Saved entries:
•••••

lemma weak_solution_rho: "weak_solution T (\<lambda>x. w * relu (x - c)) (rho 0) rho"
  unfolding weak_solution_def
proof (intro conjI ballI allI impI)
  show "integrable lborel (rho t)" for t
    by (rule integrable_rho)
  show "(\<lambda>p. rho (fst p) (snd p)) \<in> borel_measurable (lborel \<Otimes>\<^sub>M lborel)"
    by (rule rho_measurable)
  show "set_integrable (lborel \<Otimes>\<^sub>M lborel) ({0..T} \<times> UNIV)
      (\<lambda>p. rho (fst p) (snd p))"
    by (rule set_integrable_rho)
  show "AE x in lborel. rho 0 x = rho 0 x"
    by simp
  fix phi :: "real \<Rightarrow> real"
  assume phi: "test_function phi"
  note phi' = test_function_has_real_derivative[OF phi] test_function_deriv_continuous[OF phi]
  have "continuous_on UNIV (\<lambda>t. exp (- (w * t)) * (LBINT x=c..front t. phi x))"
    using block_pairing_has_real_derivative[OF phi']
    by (meson DERIV_isCont continuous_at_imp_continuous_on)
  then have "continuous_on {0..T} (\<lambda>t. exp (- (w * t)) * (LBINT x=c..front t. phi x))"
    by (rule continuous_on_subset) simp
  then show "continuous_on {0..T} (\<lambda>t. \<integral>x. rho t x * phi x \<partial>lborel)"
    unfolding integral_rho_mult[OF phi]
    by (rule continuous_on_add[OF continuous_on_const continuous_on_mult_left])
  show "(\<integral>x. rho t x * phi x \<partial>lborel) - (\<integral>x. rho 0 x * phi x \<partial>lborel)
      = (LBINT s=0..t. (\<integral>x. w * relu (x - c) * rho s x * deriv phi x \<partial>lborel))" for t
    unfolding integral_rho_mult[OF phi] integral_flux_rho interval_lebesgue_integral_mult_right
      block_pairing_FTC[OF phi', symmetric]
    by (simp add: algebra_simps)
qed

end

theorem lemma1:
  fixes x1 x2 eta y2 T :: real and rho02 :: "real \<Rightarrow> real"
  assumes "x1 < x2" and "integrable lborel rho02" and "y2 > x1" and "T > 0"
  shows "\<exists>w a b. \<exists>rho. weak_solution T (\<lambda>x. w * relu (a * x + b))
            (\<lambda>x. if x \<ge> x1 then eta * indicator {x1<..<x2} x else rho02 x) rho \<and>
          (AE x in lborel. rho T x =
            (if x \<ge> x1 then eta * (x2 - x1) / (y2 - x1) * indicator {x1<..<y2} x else rho02 x))"
proof -
  define L where "L = x2 - x1"
  define w where "w = ln ((y2 - x1) / L) / T"
  interpret dilating_block x1 L w eta rho02
    using assms unfolding L_def by unfold_locales auto
  have "exp (w * T) = (y2 - x1) / L"
    unfolding w_def using assms L_pos by simp
  then have "front T = y2" and "exp (- (w * T)) = L / (y2 - x1)"
    using L_pos by (simp_all add: front_def exp_minus)
  then have rho_T: "rho T x =
      (if x \<ge> x1 then eta * (x2 - x1) / (y2 - x1) * indicator {x1<..<y2} x else rho02 x)" for x
    unfolding rho_def by (auto simp: indicator_def L_def)
  have "rho 0 = (\<lambda>x. if x \<ge> x1 then eta * indicator {x1<..<x2} x else rho02 x)"
    unfolding rho_def front_def by (auto simp: fun_eq_iff indicator_def L_def)
  then have "weak_solution T (\<lambda>x. w * relu (1 * x + - x1))
      (\<lambda>x. if x \<ge> x1 then eta * indicator {x1<..<x2} x else rho02 x) rho"
    using weak_solution_rho[of T] by simp
  then show ?thesis
    using rho_T by blast
qed

end
lemma tmult_tensor_left_braids:
  assumes ob: "M \<in> ob V" "N \<in> ob V" "P \<in> ob V"
  shows "(((idm M \<otimes> c N M) \<otimes> idm N) \<otimes> idm (P \<boxtimes> P)) \<cdot> ((idm (M \<boxtimes> N) \<otimes> c P (M \<boxtimes> N)) \<otimes> idm P)
    = idm M \<otimes> ((c N M \<otimes> (c P N \<otimes> idm P)) \<cdot> (idm N \<otimes> ((c P M \<otimes> idm N) \<otimes> idm P)))"
proof -
  have "((idm M \<otimes> c N M) \<otimes> idm N) \<otimes> idm (P \<boxtimes> P) = (idm M \<otimes> c N M) \<otimes> (idm N \<otimes> idm (P \<boxtimes> P))"
    by (rule tensor_assoc) (rule arr_intros | simp add: ob)+
  also have "\<dots> = idm M \<otimes> (c N M \<otimes> (idm N \<otimes> idm (P \<boxtimes> P)))"
    by (rule tensor_assoc) (rule arr_intros | simp add: ob)+
  finally have k1: "((idm M \<otimes> c N M) \<otimes> idm N) \<otimes> idm (P \<boxtimes> P) = idm M \<otimes> (c N M \<otimes> idm (N \<boxtimes> P \<boxtimes> P))"
    using tensor_ident ob by simp
  have "(idm (M \<boxtimes> N) \<otimes> c P (M \<boxtimes> N)) \<otimes> idm P = (idm M \<otimes> idm N) \<otimes> (c P (M \<boxtimes> N) \<otimes> idm P)"
    unfolding tensor_ident[OF ob(1,2), symmetric] by (rule tensor_assoc) (rule arr_intros | simp add: ob)+
  also have "\<dots> = idm M \<otimes> (idm N \<otimes> (c P (M \<boxtimes> N) \<otimes> idm P))"
    by (rule tensor_assoc) (rule arr_intros | simp add: ob)+
  finally have k2: "(idm (M \<boxtimes> N) \<otimes> c P (M \<boxtimes> N)) \<otimes> idm P = idm M \<otimes> (idm N \<otimes> (c P (M \<boxtimes> N) \<otimes> idm P))" .
  have "idm N \<otimes> ((idm M \<otimes> c P N) \<otimes> idm P) = idm N \<otimes> (idm M \<otimes> (c P N \<otimes> idm P))"
    by (subst tensor_assoc) (rule arr_intros | simp add: ob)+
  also have "\<dots> = idm (N \<boxtimes> M) \<otimes> (c P N \<otimes> idm P)"
    unfolding tensor_ident[OF ob(2,1), symmetric] by (rule tensor_assoc[symmetric]) (rule arr_intros | simp add: ob)+
  finally have k3: "idm N \<otimes> ((idm M \<otimes> c P N) \<otimes> idm P) = idm (N \<boxtimes> M) \<otimes> (c P N \<otimes> idm P)" .
  have split: "c P (M \<boxtimes> N) \<otimes> idm P = ((idm M \<otimes> c P N) \<otimes> idm P) \<cdot> ((c P M \<otimes> idm N) \<otimes> idm P)"
    unfolding braid_tensor_right[OF ob(3,1,2)] by (rule comp_tensor_ident) (rule arr_intros | simp add: ob)+
  have "idm N \<otimes> (((idm M \<otimes> c P N) \<otimes> idm P) \<cdot> ((c P M \<otimes> idm N) \<otimes> idm P))
      = (idm N \<otimes> ((idm M \<otimes> c P N) \<otimes> idm P)) \<cdot> (idm N \<otimes> ((c P M \<otimes> idm N) \<otimes> idm P))"
    by (rule ident_tensor_comp) (rule arr_intros | simp add: ob)+
  then have cp: "idm N \<otimes> (c P (M \<boxtimes> N) \<otimes> idm P)
      = (idm (N \<boxtimes> M) \<otimes> (c P N \<otimes> idm P)) \<cdot> (idm N \<otimes> ((c P M \<otimes> idm N) \<otimes> idm P))"
    by (simp only: split k3)
  have assoc: "(c N M \<otimes> idm (N \<boxtimes> P \<boxtimes> P)) \<cdot> ((idm (N \<boxtimes> M) \<otimes> (c P N \<otimes> idm P)) \<cdot> (idm N \<otimes> ((c P M \<otimes> idm N) \<otimes> idm P)))
      = ((c N M \<otimes> idm (N \<boxtimes> P \<boxtimes> P)) \<cdot> (idm (N \<boxtimes> M) \<otimes> (c P N \<otimes> idm P))) \<cdot> (idm N \<otimes> ((c P M \<otimes> idm N) \<otimes> idm P))"
    by (rule comp_assoc) (rule arr_intros | simp add: ob)+
  have whisk: "(c N M \<otimes> idm (N \<boxtimes> P \<boxtimes> P)) \<cdot> (idm (N \<boxtimes> M) \<otimes> (c P N \<otimes> idm P)) = c N M \<otimes> (c P N \<otimes> idm P)"
    by (rule tensor_ident_comp_ident_tensor) (rule arr_intros | simp add: ob)+
  have "(idm M \<otimes> (c N M \<otimes> idm (N \<boxtimes> P \<boxtimes> P))) \<cdot> (idm M \<otimes> (idm N \<otimes> (c P (M \<boxtimes> N) \<otimes> idm P)))
      = idm M \<otimes> ((c N M \<otimes> idm (N \<boxtimes> P \<boxtimes> P)) \<cdot> (idm N \<otimes> (c P (M \<boxtimes> N) \<otimes> idm P)))"
    by (rule ident_tensor_comp[symmetric]) (rule arr_intros | simp add: ob)+
  then show ?thesis unfolding k1 k2 by (simp only: cp assoc whisk)
qed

•••••

== PROBLEM STATEMENT ==
All lines of the records containing "split" should be shown.

== RESULT BELOW ==
  have split: "c P (M \<boxtimes> N) \<otimes> idm P = ((idm M \<otimes> c P N) \<otimes> idm P) \<cdot> ((c P M \<otimes> idm N) \<otimes> idm P)"
    by (simp only: split k3)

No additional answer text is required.